Your task is to repeat exactly the lines below between the line holding "using lim[OF c(2,3)]" and the line holding "n) t1 \<Longrightarrow>", inclusive, and only those.

#### Task input

···

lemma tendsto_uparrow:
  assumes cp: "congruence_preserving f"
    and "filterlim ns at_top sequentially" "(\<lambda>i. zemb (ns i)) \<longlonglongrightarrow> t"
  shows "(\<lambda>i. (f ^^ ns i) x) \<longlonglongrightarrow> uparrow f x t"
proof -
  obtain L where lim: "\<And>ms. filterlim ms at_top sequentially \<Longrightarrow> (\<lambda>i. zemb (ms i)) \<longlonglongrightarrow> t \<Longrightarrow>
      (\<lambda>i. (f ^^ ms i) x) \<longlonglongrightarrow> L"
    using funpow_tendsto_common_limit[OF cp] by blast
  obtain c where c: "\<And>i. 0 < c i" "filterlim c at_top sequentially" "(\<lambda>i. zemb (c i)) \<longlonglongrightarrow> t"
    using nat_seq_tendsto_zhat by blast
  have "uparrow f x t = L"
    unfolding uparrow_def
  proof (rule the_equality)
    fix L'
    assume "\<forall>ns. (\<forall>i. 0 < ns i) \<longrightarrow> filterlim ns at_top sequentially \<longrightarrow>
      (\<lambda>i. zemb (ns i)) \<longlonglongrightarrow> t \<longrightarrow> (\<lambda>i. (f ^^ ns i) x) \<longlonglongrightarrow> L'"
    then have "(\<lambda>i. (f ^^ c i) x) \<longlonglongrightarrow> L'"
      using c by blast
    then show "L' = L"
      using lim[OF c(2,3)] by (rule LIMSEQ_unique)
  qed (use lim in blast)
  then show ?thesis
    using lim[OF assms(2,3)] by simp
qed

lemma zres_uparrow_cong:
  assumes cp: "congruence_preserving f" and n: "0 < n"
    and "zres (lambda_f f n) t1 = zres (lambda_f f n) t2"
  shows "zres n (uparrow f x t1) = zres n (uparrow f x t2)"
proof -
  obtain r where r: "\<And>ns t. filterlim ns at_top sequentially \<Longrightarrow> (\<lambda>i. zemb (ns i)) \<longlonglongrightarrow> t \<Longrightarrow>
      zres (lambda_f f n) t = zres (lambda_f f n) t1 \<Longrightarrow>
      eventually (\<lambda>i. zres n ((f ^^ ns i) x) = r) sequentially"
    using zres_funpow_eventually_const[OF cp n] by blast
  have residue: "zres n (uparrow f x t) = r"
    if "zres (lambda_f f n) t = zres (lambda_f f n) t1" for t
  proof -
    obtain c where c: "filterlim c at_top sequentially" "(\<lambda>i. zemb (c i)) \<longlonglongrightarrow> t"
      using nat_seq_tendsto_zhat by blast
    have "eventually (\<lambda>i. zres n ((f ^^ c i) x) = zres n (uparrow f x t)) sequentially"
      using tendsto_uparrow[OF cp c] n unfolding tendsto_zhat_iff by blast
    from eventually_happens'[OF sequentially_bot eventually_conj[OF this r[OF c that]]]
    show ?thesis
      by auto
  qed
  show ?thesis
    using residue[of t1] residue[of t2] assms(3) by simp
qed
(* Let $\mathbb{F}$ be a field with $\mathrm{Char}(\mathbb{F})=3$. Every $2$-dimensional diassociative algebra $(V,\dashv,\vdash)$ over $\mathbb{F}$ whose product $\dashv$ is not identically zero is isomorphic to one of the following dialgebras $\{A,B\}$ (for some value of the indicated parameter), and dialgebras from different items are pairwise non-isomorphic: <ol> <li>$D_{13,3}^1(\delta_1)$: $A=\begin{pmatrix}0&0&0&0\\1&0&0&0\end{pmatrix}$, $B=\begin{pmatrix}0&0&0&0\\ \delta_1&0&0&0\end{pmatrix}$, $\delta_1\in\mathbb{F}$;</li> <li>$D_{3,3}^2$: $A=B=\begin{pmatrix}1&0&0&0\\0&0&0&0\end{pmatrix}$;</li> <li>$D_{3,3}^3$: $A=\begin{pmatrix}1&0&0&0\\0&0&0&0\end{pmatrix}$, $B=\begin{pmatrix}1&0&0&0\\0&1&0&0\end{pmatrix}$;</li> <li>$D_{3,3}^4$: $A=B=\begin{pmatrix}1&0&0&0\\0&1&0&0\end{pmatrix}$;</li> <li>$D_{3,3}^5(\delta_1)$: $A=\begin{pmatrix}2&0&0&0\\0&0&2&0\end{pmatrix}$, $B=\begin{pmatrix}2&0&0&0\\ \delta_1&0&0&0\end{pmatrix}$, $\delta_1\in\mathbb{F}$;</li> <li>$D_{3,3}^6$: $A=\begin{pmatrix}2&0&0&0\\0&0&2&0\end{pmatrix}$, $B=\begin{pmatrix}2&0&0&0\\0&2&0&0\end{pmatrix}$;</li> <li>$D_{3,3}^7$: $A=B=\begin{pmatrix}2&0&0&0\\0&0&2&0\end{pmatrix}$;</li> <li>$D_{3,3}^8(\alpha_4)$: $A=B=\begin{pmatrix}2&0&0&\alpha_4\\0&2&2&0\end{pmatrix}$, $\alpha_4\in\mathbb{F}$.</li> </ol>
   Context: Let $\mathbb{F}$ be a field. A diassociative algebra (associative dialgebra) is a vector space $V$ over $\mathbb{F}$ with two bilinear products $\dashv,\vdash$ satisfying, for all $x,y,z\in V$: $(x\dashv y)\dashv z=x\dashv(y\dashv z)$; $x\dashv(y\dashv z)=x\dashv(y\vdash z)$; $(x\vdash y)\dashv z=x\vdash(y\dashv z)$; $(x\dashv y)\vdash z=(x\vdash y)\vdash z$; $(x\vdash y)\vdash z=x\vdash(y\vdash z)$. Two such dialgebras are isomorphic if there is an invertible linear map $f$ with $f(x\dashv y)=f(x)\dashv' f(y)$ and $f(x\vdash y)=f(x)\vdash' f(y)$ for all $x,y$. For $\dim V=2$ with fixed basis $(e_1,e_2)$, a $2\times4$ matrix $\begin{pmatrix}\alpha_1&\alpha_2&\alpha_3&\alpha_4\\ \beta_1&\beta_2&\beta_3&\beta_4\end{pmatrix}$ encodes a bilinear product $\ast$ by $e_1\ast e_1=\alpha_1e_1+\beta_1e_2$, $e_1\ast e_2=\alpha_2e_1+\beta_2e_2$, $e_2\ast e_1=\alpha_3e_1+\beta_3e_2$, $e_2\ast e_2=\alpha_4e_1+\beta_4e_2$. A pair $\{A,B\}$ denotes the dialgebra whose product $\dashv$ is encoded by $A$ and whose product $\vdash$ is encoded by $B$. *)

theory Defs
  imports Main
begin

···

#### Result of the exercise
      using lim[OF c(2,3)] by (rule LIMSEQ_unique)
  qed (use lim in blast)
  then show ?thesis
    using lim[OF assms(2,3)] by simp
qed

lemma zres_uparrow_cong:
  assumes cp: "congruence_preserving f" and n: "0 < n"
    and "zres (lambda_f f n) t1 = zres (lambda_f f n) t2"
  shows "zres n (uparrow f x t1) = zres n (uparrow f x t2)"
proof -
  obtain r where r: "\<And>ns t. filterlim ns at_top sequentially \<Longrightarrow> (\<lambda>i. zemb (ns i)) \<longlonglongrightarrow> t \<Longrightarrow>
      zres (lambda_f f n) t = zres (lambda_f f n) t1 \<Longrightarrow>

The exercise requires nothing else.